WHAT YOU ARE ASKED TO DO
Every line with "cube" in it must be copied from the data.

[Start of Attachment]

lemma alpha_fat_ideal_factor:
  fixes P :: "nat \<Rightarrow> 3 \<Rightarrow> 'a::field_char_0"
  assumes pts_nonzero: "\<forall>i<r. \<exists>u. P i u \<noteq> 0"
    and G: "G \<noteq> 0" "homog \<gamma> G" and R: "R \<noteq> 0" "homog \<rho> R"
    and GR_deg: "homog (alpha (fat_ideal r P (\<lambda>_. m))) (G * R)"
    and GR_ord: "\<forall>i<r. m \<le> ord_pt (P i) (G * R)"
    and "n \<le> m"
  shows "\<gamma> = alpha (fat_ideal r P (\<lambda>i. ord_pt (P i) G))"
    and "int (alpha (fat_ideal r P (\<lambda>i. ord_pt (P i) G)))
           - int (alpha (fat_ideal r P (\<lambda>i. ord_pt (P i) G - (m - n))))
         \<le> int (alpha (fat_ideal r P (\<lambda>_. m))) - int (alpha (fat_ideal r P (\<lambda>_. n)))"
proof -
  have alpha_m: "alpha (fat_ideal r P (\<lambda>_. m)) = \<gamma> + \<rho>"
    using homog_unique[OF _ GR_deg homog_mult[OF G(2) R(2)]] G(1) R(1) by simp
  have ord_split: "\<forall>i<r. m \<le> ord_pt (P i) G + ord_pt (P i) R"
    using GR_ord pts_nonzero ord_pt_mult[OF _ G(1) R(1)] by metis
  have G_mem: "G \<in> fat_ideal r P (\<lambda>i. ord_pt (P i) G)"
    "G \<in> fat_ideal r P (\<lambda>i. ord_pt (P i) G - (m - n))"
    using mem_fat_ideal_iff[OF pts_nonzero G(1)] by auto
  note le_add = alpha_fat_ideal_le_add[OF pts_nonzero _ G R]
  have "alpha (fat_ideal r P (\<lambda>i. ord_pt (P i) G)) \<le> \<gamma>"
    using alpha_le G_mem(1) G by blast
  moreover have "alpha (fat_ideal r P (\<lambda>_. m)) \<le> alpha (fat_ideal r P (\<lambda>i. ord_pt (P i) G)) + \<rho>"
    using le_add[OF G_mem(1)] ord_split by presburger
  moreover have "alpha (fat_ideal r P (\<lambda>_. n)) \<le> alpha (fat_ideal r P (\<lambda>i. ord_pt (P i) G - (m - n))) + \<rho>"
    by (rule le_add[OF G_mem(2)]) (use ord_split \<open>n \<le> m\<close> in fastforce)
  ultimately show "\<gamma> = alpha (fat_ideal r P (\<lambda>i. ord_pt (P i) G))"
    and "int (alpha (fat_ideal r P (\<lambda>i. ord_pt (P i) G)))
           - int (alpha (fat_ideal r P (\<lambda>i. ord_pt (P i) G - (m - n))))
         \<le> int (alpha (fat_ideal r P (\<lambda>_. m))) - int (alpha (fat_ideal r P (\<lambda>_. n)))"
    using alpha_m by linarith+
qed

lemma factor_of_product:
  fixes G :: "nat \<Rightarrow> 'a::comm_ring_1 mpoly3"
  assumes "j < s" "1 \<le> a j" "\<forall>k<s. homog (tdeg (G k)) (G k)"
  obtains R \<rho> where "Poly_Mapping.single 0 c * (\<Prod>k<s. G k ^ a k) = G j * R" "homog \<rho> R"
proof
  let ?R = "Poly_Mapping.single 0 c * G j ^ (a j - 1) * (\<Prod>k\<in>{..<s} - {j}. G k ^ a k)"
  have "(\<Prod>k<s. G k ^ a k) = G j ^ a j * (\<Prod>k\<in>{..<s} - {j}. G k ^ a k)"
    using assms(1) by (simp add: prod.remove)
  moreover have "G j ^ a j = G j * G j ^ (a j - 1)"
    using assms(2) by (simp add: power_eq_if)
  ultimately show "Poly_Mapping.single 0 c * (\<Prod>k<s. G k ^ a k) = G j * ?R"
    by (simp add: ac_simps)
  show "homog (0 + (a j - 1) * tdeg (G j) + (\<Sum>k\<in>{..<s} - {j}. a k * tdeg (G k))) ?R"
    using assms by (intro homog_mult homog_const homog_power homog_prod) auto
qed

theorem corollary2p2:
  fixes P :: "nat \<Rightarrow> 3 \<Rightarrow> 'a::field_char_0"
    and r m n s :: nat
    and F :: "'a mpoly3"
    and G :: "nat \<Rightarrow> 'a mpoly3"
    and a :: "nat \<Rightarrow> nat"
    and c :: 'a
  assumes alg_closed: "\<forall>p :: 'a poly. degree p > 0 \<longrightarrow> (\<exists>x. poly p x = 0)"
    and pts_nonzero: "\<forall>i<r. \<exists>u. P i u \<noteq> 0"
    and pts_distinct: "\<forall>i<r. \<forall>k<r. i \<noteq> k \<longrightarrow> \<not> (\<exists>t. P i = (\<lambda>u. t * P k u))"
    and n_pos: "0 < n" and mn: "n < m"
    and F_nonzero: "F \<noteq> 0"
    and F_deg: "homog (alpha (fat_ideal r P (\<lambda>_. m))) F"
    and F_ord: "\<forall>i<r. m \<le> ord_pt (P i) F"
    and F_decomp: "c \<noteq> 0" "F = Poly_Mapping.single 0 c * (\<Prod>j<s. G j ^ a j)"
    and G_irred: "\<forall>j<s. irreducible (G j)"
    and G_homog: "\<forall>j<s. homog (tdeg (G j)) (G j)"
    and G_distinct: "\<forall>j<s. \<forall>k<s. j \<noteq> k \<longrightarrow> \<not> (G j dvd G k \<and> G k dvd G j)"
    and a_pos: "\<forall>j<s. 1 \<le> a j"
  shows "\<forall>j<s.
     tdeg (G j) = alpha (fat_ideal r P (\<lambda>i. ord_pt (P i) (G j))) \<and>
     int (alpha (fat_ideal r P (\<lambda>i. ord_pt (P i) (G j))))
       - int (alpha (fat_ideal r P (\<lambda>i. ord_pt (P i) (G j) - (m - n))))
     \<le> int (alpha (fat_ideal r P (\<lambda>_. m))) - int (alpha (fat_ideal r P (\<lambda>_. n)))"
proof (intro allI impI)
  fix j assume j: "j < s"
  obtain R \<rho> where F_eq: "F = G j * R" and R_homog: "homog \<rho> R"
    using factor_of_product[OF j _ G_homog] a_pos j F_decomp(2) by metis
  have G_nonzero: "G j \<noteq> 0"
    using G_irred j not_irreducible_zero by metis
  have R_nonzero: "R \<noteq> 0"
    using F_nonzero F_eq by auto
  have GR: "homog (alpha (fat_ideal r P (\<lambda>_. m))) (G j * R)" "\<forall>i<r. m \<le> ord_pt (P i) (G j * R)"
    using F_deg F_ord F_eq by simp_all
  show "tdeg (G j) = alpha (fat_ideal r P (\<lambda>i. ord_pt (P i) (G j))) \<and>
     int (alpha (fat_ideal r P (\<lambda>i. ord_pt (P i) (G j))))
       - int (alpha (fat_ideal r P (\<lambda>i. ord_pt (P i) (G j) - (m - n))))
     \<le> int (alpha (fat_ideal r P (\<lambda>_. m))) - int (alpha (fat_ideal r P (\<lambda>_. n)))"
    using alpha_fat_ideal_factor[OF pts_nonzero G_nonzero G_homog[rule_format, OF j]
        R_nonzero R_homog GR less_imp_le[OF mn]] by blast
qed

end
(* Let $\Omega\subset\mathbb{R}^2$ be open, $\lambda>0$, and let $u\in L^2(\Omega)$ satisfy $-\Delta u=\lambda u$ in $\Omega$. Let $\mathbf{x}_0\in\Omega$, $h>0$, and let $\mathbf{e}^-,\mathbf{e}^+$ be unit vectors with angle $\alpha\pi$ from $\mathbf{e}^-$ to $\mathbf{e}^+$, where $\alpha\in(0,2)$ is irrational; put $\Gamma^\pm=\{\mathbf{x}_0+t\mathbf{e}^\pm:0\le t\le h\}\subset\Omega$. Suppose $\Gamma^+$ is a singular line of $u$ ($\partial_\nu u=0$ on $\Gamma^+$) and $\Gamma^-$ is a generalized singular line of $u$ with constant parameter $\eta_1\equiv C_1$. Then $\mathrm{Vani}(u;\mathbf{x}_0)=0$ if $u(\mathbf{x}_0)\neq0$, and $\mathrm{Vani}(u;\mathbf{x}_0)=+\infty$ if $u(\mathbf{x}_0)=0$.
   Context: No boundary condition is imposed on $\partial\Omega$; $u$ is real-analytic in $\Omega$. $\nu$ denotes a unit normal to the segment in question. A generalized singular line with parameter $\eta$ (not identically zero; here a nonzero complex constant) is a segment on which $\partial_\nu u+\eta u=0$. $\mathrm{Vani}(u;\mathbf{x}_0)$ is the smallest degree of a nonzero homogeneous term in the Taylor expansion of $u$ at $\mathbf{x}_0$ ($+\infty$ if all vanish). *)

theory Defs
  imports "HOL-Analysis.Analysis" "HOL-Library.Extended_Nat"
begin

definition pd1 :: "(real \<times> real \<Rightarrow> complex) \<Rightarrow> real \<times> real \<Rightarrow> complex" where
  "pd1 f x = vector_derivative (\<lambda>t. f (t, snd x)) (at (fst x))"

definition pd2 :: "(real \<times> real \<Rightarrow> complex) \<Rightarrow> real \<times> real \<Rightarrow> complex" where
  "pd2 f x = vector_derivative (\<lambda>t. f (fst x, t)) (at (snd x))"

definition pdm :: "nat \<Rightarrow> nat \<Rightarrow> (real \<times> real \<Rightarrow> complex) \<Rightarrow> real \<times> real \<Rightarrow> complex" where
  "pdm j k f = (pd1 ^^ j) ((pd2 ^^ k) f)"

definition smooth_on :: "(real \<times> real) set \<Rightarrow> (real \<times> real \<Rightarrow> complex) \<Rightarrow> bool" where
  "smooth_on S f \<longleftrightarrow> (\<forall>j k. pdm j k f differentiable_on S)"
(* For every surjective $\boxplus$-morphism $\phi:[1]^{m+n+1}\to[1]^{n+1}$ there exist monotone functions $\phi_i:[1]^{k_i}\to[1]$, $1\leq i\leq n+1$, with $k_1+\cdots+k_{n+1}=m+n+1$, and a coordinate permutation $g$ of $[1]^{m+n+1}$ such that $\phi=(\phi_1\times\phi_2\times\cdots\times\phi_{n+1})\circ g$.
   Context: $[1]=\{0<1\}$, $[1]^n$ the product poset ($[1]^0=[0]$). An interval in a poset is a non-empty subset $[x,z]=\{y:x\leq y\leq z\}$. $\boxplus$ is the category whose objects are the $[1]^n$ ($n\geq0$) and whose morphisms are the monotone functions mapping every interval onto an interval. $\phi_1\times\cdots\times\phi_{n+1}:[1]^{k_1+\cdots+k_{n+1}}\to[1]^{n+1}$ is the Cartesian product of functions. *)

theory Defs
  imports "HOL-Combinatorics.Permutations"
begin

text \<open>The poset [1]^n: bool lists of length n (False < True), ordered componentwise.\<close>

definition cube :: "nat \<Rightarrow> bool list set" where
  "cube n = {xs. length xs = n}"

definition cle :: "bool list \<Rightarrow> bool list \<Rightarrow> bool" where
  "cle xs ys = list_all2 (\<le>) xs ys"

definition cinterval :: "nat \<Rightarrow> bool list \<Rightarrow> bool list \<Rightarrow> bool list set" where
  "cinterval n x z = {y \<in> cube n. cle x y \<and> cle y z}"

definition is_interval :: "nat \<Rightarrow> bool list set \<Rightarrow> bool" where
  "is_interval n S \<longleftrightarrow> (\<exists>x\<in>cube n. \<exists>z\<in>cube n. cle x z \<and> S = cinterval n x z)"
lemma tensor_list_adj: "adj (tensor_list Us) = tensor_list (map adj Us)"
  by (induction Us) (simp_all add: tensor_list_Nil tensor_list_Cons adj_kron)

lemma tensor_list_one: "tensor_list (replicate n (1\<^sub>m 2)) = 1\<^sub>m (2 ^ n)"
  by (induction n) (simp_all add: tensor_list_Nil tensor_list_Cons kron_one)

lemma SU_loc_carrier: "U \<in> SU_loc n \<Longrightarrow> U \<in> carrier_mat (2 ^ n) (2 ^ n)"
  unfolding SU_loc_def using tensor_list_carrier SU2_carrier by blast

lemma SU_loc_one: "1\<^sub>m (2 ^ n) \<in> SU_loc n"
  unfolding SU_loc_def using SU2_one
  by (auto intro!: exI[of _ "replicate n (1\<^sub>m 2)"] simp: tensor_list_one)

lemma SU_loc_adj:
  assumes "U \<in> SU_loc n"
  shows "adj U \<in> SU_loc n"
proof -
  obtain Us where "U = tensor_list Us" "length Us = n" "\<forall>U\<in>set Us. U \<in> SU2"
    using assms unfolding SU_loc_def by blast
  then have "adj U = tensor_list (map adj Us)" "length (map adj Us) = n" "\<forall>V\<in>set (map adj Us). V \<in> SU2"
    by (auto simp: tensor_list_adj SU2_adj)
  then show ?thesis
    unfolding SU_loc_def by blast
qed

lemma SU_loc_mult:
  assumes "U \<in> SU_loc n" "V \<in> SU_loc n"
  shows "U * V \<in> SU_loc n"
proof -
  obtain Us Vs where U: "U = tensor_list Us" "length Us = n" "\<forall>U\<in>set Us. U \<in> SU2"
    and V: "V = tensor_list Vs" "length Vs = n" "\<forall>V\<in>set Vs. V \<in> SU2"
    using assms unfolding SU_loc_def by blast
  have "U * V = tensor_list (map2 (*) Us Vs)"
    using U V by (simp add: tensor_list_mult SU2_carrier)
  moreover have "\<forall>W \<in> set (map2 (*) Us Vs). W \<in> SU2"
    using U(3) V(3) by (auto dest: set_zip_leftD set_zip_rightD intro: SU2_mult)
  moreover have "length (map2 (*) Us Vs) = n"
    using U(2) V(2) by simp
  ultimately show ?thesis
    unfolding SU_loc_def by blast
qed

lemma SU_loc_unitary:
  assumes "U \<in> SU_loc n"
  shows "adj U * U = 1\<^sub>m (2 ^ n)"
proof -
  obtain Us where U: "U = tensor_list Us" "length Us = n" "\<forall>U\<in>set Us. U \<in> SU2"
    using assms unfolding SU_loc_def by blast
  have "adj U * U = tensor_list (map2 (*) (map adj Us) Us)"
    using U by (simp add: tensor_list_adj tensor_list_mult SU2_carrier adj_carrier)
  also have "map2 (*) (map adj Us) Us = replicate n (1\<^sub>m 2)"
    using U(2,3) by (induction Us arbitrary: n) (auto simp: SU2_unitary)
  finally show ?thesis
    by (simp add: tensor_list_one)
qed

[End of Attachment]

OUTPUT OF THE EXERCISE
definition cube :: "nat \<Rightarrow> bool list set" where
  "cube n = {xs. length xs = n}"
  "cinterval n x z = {y \<in> cube n. cle x y \<and> cle y z}"
  "is_interval n S \<longleftrightarrow> (\<exists>x\<in>cube n. \<exists>z\<in>cube n. cle x z \<and> S = cinterval n x z)"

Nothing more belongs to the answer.